» Task statement
Only the lines from the top of the material through the line containing "(\<beta> (Suc j)))" should be restated, each one exactly.

● ● ● ●

lemma separated_or_clustered:
  fixes \<beta> :: "nat \<Rightarrow> real"
  assumes d: "metric_on S d" and h: "h \<in> tuples S r" and "1 \<le> r"
    and "0 \<le> \<beta> 0" and \<beta>: "\<forall>j<n. 3 * \<beta> j < \<beta> (Suc j)"
  shows "(\<exists>j<n. \<exists>Q. partition_on {1..r} Q \<and> 2 \<le> card Q \<and> h \<in> DeltaQ S d r Q (3 * \<beta> j) (\<beta> (Suc j)))
    \<or> h \<in> Delta S d r (3 * \<beta> n)
    \<or> (\<exists>P. partition_on {1..r} P \<and> card P + n \<le> r \<and> clustered d h P (3 * \<beta> n))"
  using \<beta>
proof (induction n)
  case 0
  let ?P = "(\<lambda>i. {i}) ` {1..r}"
  have "card ?P = r"
    by (simp add: card_image)
  moreover have "d (h i) (h i) = 0" if "i \<in> {1..r}" for i
    using d tuples_memD[OF h that] by (simp add: metric_on_def)
  then have "clustered d h ?P (3 * \<beta> 0)"
    using \<open>0 \<le> \<beta> 0\<close> by (auto simp: clustered_def)
  ultimately show ?case
    using partition_on_singletons[of "{1..r}"] by auto
next
  case (Suc n)
  have step: "3 * \<beta> n < \<beta> (Suc n)"
    using Suc.prems by simp
  have "0 \<le> \<beta> n"
    using nonneg_if_triple_less[OF \<open>0 \<le> \<beta> 0\<close> Suc.prems] by simp
  with step have widen: "Delta S d r (3 * \<beta> n) \<subseteq> Delta S d r (3 * \<beta> (Suc n))"
    by (intro Delta_mono) simp
  have "\<forall>j<n. 3 * \<beta> j < \<beta> (Suc j)"
    using Suc.prems by simp
  with Suc.IH consider
      (caught) j Q where "j < n" "partition_on {1..r} Q" "2 \<le> card Q"
        "h \<in> DeltaQ S d r Q (3 * \<beta> j) (\<beta> (Suc j))"
    | (Delta) "h \<in> Delta S d r (3 * \<beta> n)"
    | (clustered) P where "partition_on {1..r} P" "card P + n \<le> r" "clustered d h P (3 * \<beta> n)"
    by blast
  then show ?case
  proof cases
    case caught
    then show ?thesis
      using less_SucI by blast
  next
    case Delta
    then show ?thesis
      using widen by blast
  next
    case clustered
    have "0 < card P"
      using card_partition_on_pos[OF clustered(1)] \<open>1 \<le> r\<close> by simp
    then consider "card P = 1" | "2 \<le> card P"
      by linarith
    then show ?thesis
    proof cases
      case 1
      then show ?thesis
        using Delta_if_single_block[OF h clustered(1) _ clustered(3)] widen by blast
    next
      case 2
      have "2 * (3 * \<beta> n) + \<beta> (Suc n) \<le> 3 * \<beta> (Suc n)"
        using step by simp
      note separated_or_merge[OF d h clustered(1) 2 clustered(3), of "\<beta> (Suc n)"]
      then show ?thesis
      proof (elim disjE exE conjE)
        assume "h \<in> DeltaQ S d r P (3 * \<beta> n) (\<beta> (Suc n))"
        then show ?thesis
          using 2 clustered(1) by blast
      next
        fix P' assume P': "partition_on {1..r} P'" "card P' < card P"
          "clustered d h P' (2 * (3 * \<beta> n) + \<beta> (Suc n))"
        have "clustered d h P' (3 * \<beta> (Suc n))"
          using clustered_mono[OF P'(3)] step by simp
        moreover have "card P' + Suc n \<le> r"
          using P'(2) clustered(2) by simp
        ultimately show ?thesis
          using P'(1) by blast
      qed
    qed
  qed
qed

● ● ● ●

» Task result
lemma separated_or_clustered:
  fixes \<beta> :: "nat \<Rightarrow> real"
  assumes d: "metric_on S d" and h: "h \<in> tuples S r" and "1 \<le> r"
    and "0 \<le> \<beta> 0" and \<beta>: "\<forall>j<n. 3 * \<beta> j < \<beta> (Suc j)"
  shows "(\<exists>j<n. \<exists>Q. partition_on {1..r} Q \<and> 2 \<le> card Q \<and> h \<in> DeltaQ S d r Q (3 * \<beta> j) (\<beta> (Suc j)))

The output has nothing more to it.